[Saved data entries]
:::

lemma phragmen_lindelof_quadrant_damped:
  fixes F :: "complex \<Rightarrow> complex"
  assumes F: "F holomorphic_on UNIV" and "0 < B" "0 < e"
    and real_axis: "\<And>x::real. 0 \<le> x \<Longrightarrow> norm (F (of_real x)) \<le> B"
    and imag_axis: "\<And>y::real. 0 \<le> y \<Longrightarrow> norm (F (\<i> * of_real y)) \<le> B"
    and growth: "\<And>z. 0 \<le> Re z \<Longrightarrow> 0 \<le> Im z \<Longrightarrow> norm (F z) \<le> C * exp (A * norm z)"
    and z: "0 \<le> Re z" "0 \<le> Im z"
  shows "norm (F z) \<le> B * exp (e * Re (quadrant_weight z))"
proof -
  define c where "c = cos (3 * pi / 8)"
  have "0 < c" unfolding c_def by (intro cos_gt_zero) auto
  define Q where "Q = {z::complex. 0 \<le> Re z \<and> 0 \<le> Im z}"
  define U where "U = {z. 0 < Re ((1 - \<i>) * (z + 1))}"
  define W where "W w = F w * exp (- of_real e * quadrant_weight w)" for w
  have norm_W: "norm (W w) = norm (F w) * exp (- e * Re (quadrant_weight w))" for w
    by (simp add: W_def norm_mult)
  have weight: "c * norm w powr (3/2) \<le> Re (quadrant_weight w)" if "w \<in> Q" for w
    using Re_quadrant_weight_ge that by (simp add: c_def Q_def)
  obtain R where R: "\<And>r. R \<le> r \<Longrightarrow> \<bar>C\<bar> * exp (A * r - (e * c) * r powr (3/2)) \<le> B"
    using exp_linear_minus_three_halves_power_eventually_le[of "e * c" B] \<open>0 < e\<close> \<open>0 < c\<close> \<open>0 < B\<close>
    by auto
  have "norm (W z) \<le> B"
  proof (rule maximum_modulus_closed_unbounded[where f=W and U=U and S=Q and R=R])
    show "W holomorphic_on U" unfolding W_def U_def
      using quadrant_weight_holomorphic holomorphic_on_subset[OF F] by (intro holomorphic_intros) auto
    show "open U" unfolding U_def by (intro open_Collect_less continuous_intros)
    show "Q \<subseteq> U" by (auto simp: Q_def U_def)
    show "closed Q"
      by (simp add: Q_def closed_Collect_conj closed_halfspace_Re_ge closed_halfspace_Im_ge)
    show "norm (W w) \<le> B" if "w \<in> frontier Q" for w
    proof -
      have "w \<in> Q" using frontier_first_quadrant that unfolding Q_def by blast
      then have "0 \<le> Re (quadrant_weight w)"
        using order_trans[OF _ weight] \<open>0 < c\<close> by simp
      then have "exp (- e * Re (quadrant_weight w)) \<le> 1" using \<open>0 < e\<close> by simp
      moreover have "norm (F w) \<le> B"
        using real_axis imag_axis that unfolding Q_def by (rule norm_le_on_frontier_first_quadrant)
      ultimately have "norm (F w) * exp (- e * Re (quadrant_weight w)) \<le> B * 1"
        using \<open>0 < B\<close> by (intro mult_mono) auto
      then show ?thesis by (simp add: norm_W)
    qed
    show "norm (W w) \<le> B" if "w \<in> Q" "R \<le> norm w" for w
    proof -
      have "norm (W w) \<le> (\<bar>C\<bar> * exp (A * norm w)) * exp (- e * (c * norm w powr (3/2)))"
        unfolding norm_W
      proof (intro mult_mono)
        show "norm (F w) \<le> \<bar>C\<bar> * exp (A * norm w)"
          using growth[of w] that(1) unfolding Q_def by (smt (verit) exp_ge_zero mem_Collect_eq mult_right_mono)
        show "exp (- e * Re (quadrant_weight w)) \<le> exp (- e * (c * norm w powr (3/2)))"
          using weight[OF that(1)] \<open>0 < e\<close> by simp
      qed auto
      also have "\<dots> = \<bar>C\<bar> * exp (A * norm w - e * c * norm w powr (3/2))"
        by (simp add: exp_diff exp_minus field_simps)
      also have "\<dots> \<le> B" using R that(2) by simp
      finally show ?thesis .
    qed
    show "z \<in> Q" using z by (simp add: Q_def)
  qed
  moreover have "norm (F z) = norm (W z) * exp (e * Re (quadrant_weight z))"
    unfolding norm_W by (simp add: mult_exp_exp)
  ultimately show ?thesis by (simp add: mult_right_mono)
qed

lemma phragmen_lindelof_quadrant:
  fixes F :: "complex \<Rightarrow> complex"
  assumes "F holomorphic_on UNIV" "0 < B"
    and "\<And>x::real. 0 \<le> x \<Longrightarrow> norm (F (of_real x)) \<le> B"
    and "\<And>y::real. 0 \<le> y \<Longrightarrow> norm (F (\<i> * of_real y)) \<le> B"
    and "\<And>z. 0 \<le> Re z \<Longrightarrow> 0 \<le> Im z \<Longrightarrow> norm (F z) \<le> C * exp (A * norm z)"
    and "0 \<le> Re z" "0 \<le> Im z"
  shows "norm (F z) \<le> B"
proof -
  have "continuous (at_right 0) (\<lambda>e. B * exp (e * Re (quadrant_weight z)))"
    by (intro continuous_intros)
  moreover have "norm (F z) \<le> B * exp (e * Re (quadrant_weight z))" if "0 < e" for e
    using phragmen_lindelof_quadrant_damped[OF assms(1,2) that assms(3-)] .
  ultimately have "norm (F z) \<le> B * exp (0 * Re (quadrant_weight z))"
    by (rule le_of_continuous_at_right_0)
  then show ?thesis by simp
qed

text \<open>The quadrant case applied to the first quadrant and, rotated by \<open>\<i>\<close>, to the second.\<close>

lemma phragmen_lindelof_upper_half_plane_axes:
  fixes H :: "complex \<Rightarrow> complex"
  assumes H: "H holomorphic_on UNIV" and "0 < B"
    and real_axis: "\<And>x::real. norm (H (of_real x)) \<le> B"
    and imag_axis: "\<And>y::real. 0 \<le> y \<Longrightarrow> norm (H (\<i> * of_real y)) \<le> B"
    and growth: "\<And>z. 0 \<le> Im z \<Longrightarrow> norm (H z) \<le> C * exp (norm z)"
    and z: "0 \<le> Im z"
  shows "norm (H z) \<le> B"
proof (cases "0 \<le> Re z")
  case True
  show ?thesis
    by (rule phragmen_lindelof_quadrant[where F=H and A=1 and C=C])
       (use assms True in auto)
next
  case False
  have "(\<lambda>v. H (\<i> * v)) holomorphic_on UNIV"
    by (rule holomorphic_on_compose_gen[unfolded o_def, OF _ H]) (auto intro!: holomorphic_intros)
  moreover have "norm (H (\<i> * (\<i> * of_real y))) \<le> B" for y :: real
    using real_axis[of "-y"] by simp
  moreover have "norm (H (\<i> * u)) \<le> C * exp (1 * norm u)" if "0 \<le> Re u" for u
    using growth[of "\<i> * u"] that by (simp add: norm_mult)
  ultimately have "norm (H (\<i> * (- \<i> * z))) \<le> B"
    using phragmen_lindelof_quadrant[where F="\<lambda>v. H (\<i> * v)" and A=1 and C=C and z="- \<i> * z"]
      imag_axis \<open>0 < B\<close> False z by auto
  then show ?thesis by simp
qed

text \<open>Dividing by \<open>1 - \<i> e z\<close>, which has modulus at least 1 on the half plane and grows
  linearly, turns the global bound into decay at infinity.\<close>

lemma phragmen_lindelof_half_plane_damped:
  fixes H :: "complex \<Rightarrow> complex"
  assumes H: "H holomorphic_on UNIV" and "0 < K" "0 < e"
    and real_axis: "\<And>x::real. norm (H (of_real x)) \<le> K"
    and bounded: "\<And>z. 0 \<le> Im z \<Longrightarrow> norm (H z) \<le> B"
    and z: "0 \<le> Im z"
  shows "norm (H z) \<le> K * (1 + e * norm z)"
proof -
  define D where "D w = 1 - \<i> * of_real e * w" for w
  have Re_D: "Re (D w) = 1 + e * Im w" for w by (simp add: D_def)
  have D_ge_1: "1 \<le> norm (D w)" if "0 \<le> Im w" for w
    using complex_Re_le_cmod[of "D w"] Re_D[of w] that \<open>0 < e\<close> by (smt (verit) mult_nonneg_nonneg)
  have D_ge_linear: "e * norm w - 1 \<le> norm (D w)" for w
    using norm_triangle_ineq4[of 1 "D w"] \<open>0 < e\<close> by (simp add: D_def norm_minus_commute norm_mult)
  define U where "U = {w. - 1 / e < Im w}"
  have D_nonzero: "D w \<noteq> 0" if "w \<in> U" for w
  proof -
    have "- 1 < e * Im w" using that \<open>0 < e\<close> by (simp add: U_def field_simps)
    then show ?thesis using Re_D[of w] by auto
  qed
  have "0 \<le> B" using bounded[of 0] by (smt (verit) norm_ge_zero zero_complex.sel(2))
  have "norm (H z / D z) \<le> K"
  proof (rule maximum_modulus_closed_unbounded[where f="\<lambda>w. H w / D w" and U=U and S="{w. 0 \<le> Im w}" and R="(B / K + 1) / e"])
    show "(\<lambda>w. H w / D w) holomorphic_on U"
      using D_nonzero holomorphic_on_subset[OF H] unfolding D_def by (intro holomorphic_intros) auto
    show "open U" unfolding U_def by (rule open_halfspace_Im_gt)
    show "{w. 0 \<le> Im w} \<subseteq> U" using \<open>0 < e\<close> by (auto simp: U_def) (smt (verit) divide_pos_pos)
    show "closed {w. 0 \<le> Im w}" by (rule closed_halfspace_Im_ge)
    show "norm (H w / D w) \<le> K" if "w \<in> frontier {w. 0 \<le> Im w}" for w
    proof -
      have "Im w = 0" using that by (simp add: frontier_upper_half_plane)
      then have "w = of_real (Re w)" by (simp add: complex_eq_iff)
      then have "norm (H w) \<le> K" using real_axis by metis
      have "1 \<le> norm (D w)" using D_ge_1[of w] \<open>Im w = 0\<close> by simp
      then have "norm (H w) / norm (D w) \<le> norm (H w) / 1"
        by (intro divide_left_mono) auto
      with \<open>norm (H w) \<le> K\<close> show ?thesis by (simp add: norm_divide)
    qed
    show "norm (H w / D w) \<le> K" if "w \<in> {w. 0 \<le> Im w}" "(B / K + 1) / e \<le> norm w" for w
    proof (cases "B = 0")
      case True
      then show ?thesis using bounded[of w] that \<open>0 < K\<close> by (simp add: norm_divide)
    next
      case False
      have "B / K + 1 \<le> e * norm w" using that \<open>0 < e\<close> by (simp add: field_simps)
      then have "B / K \<le> norm (D w)" using D_ge_linear[of w] by linarith
      moreover have "0 < B / K" using False \<open>0 \<le> B\<close> \<open>0 < K\<close> by simp
      ultimately have "norm (H w / D w) \<le> B / (B / K)"
        unfolding norm_divide using bounded that \<open>0 \<le> B\<close> by (intro frac_le) auto
      then show ?thesis using False \<open>0 < K\<close> by simp
    qed
  qed (use z in simp)
  moreover have "0 < norm (D z)" using D_ge_1[OF z] by linarith
  ultimately have "norm (H z) \<le> K * norm (D z)"
    by (simp add: norm_divide pos_divide_le_eq mult.commute)
  also have "\<dots> \<le> K * (1 + e * norm z)"
    using norm_triangle_ineq4[of 1 "\<i> * of_real e * z"] \<open>0 < K\<close> \<open>0 < e\<close>
    by (intro mult_left_mono) (auto simp: D_def norm_mult)
  finally show ?thesis .
qed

:::

■ Problem description
Check the lines above and copy each one that includes "define".

■ Output for this exercise
  define c where "c = cos (3 * pi / 8)"
  define Q where "Q = {z::complex. 0 \<le> Re z \<and> 0 \<le> Im z}"
  define U where "U = {z. 0 < Re ((1 - \<i>) * (z + 1))}"
  define W where "W w = F w * exp (- of_real e * quadrant_weight w)" for w
  define D where "D w = 1 - \<i> * of_real e * w" for w
  define U where "U = {w. - 1 / e < Im w}"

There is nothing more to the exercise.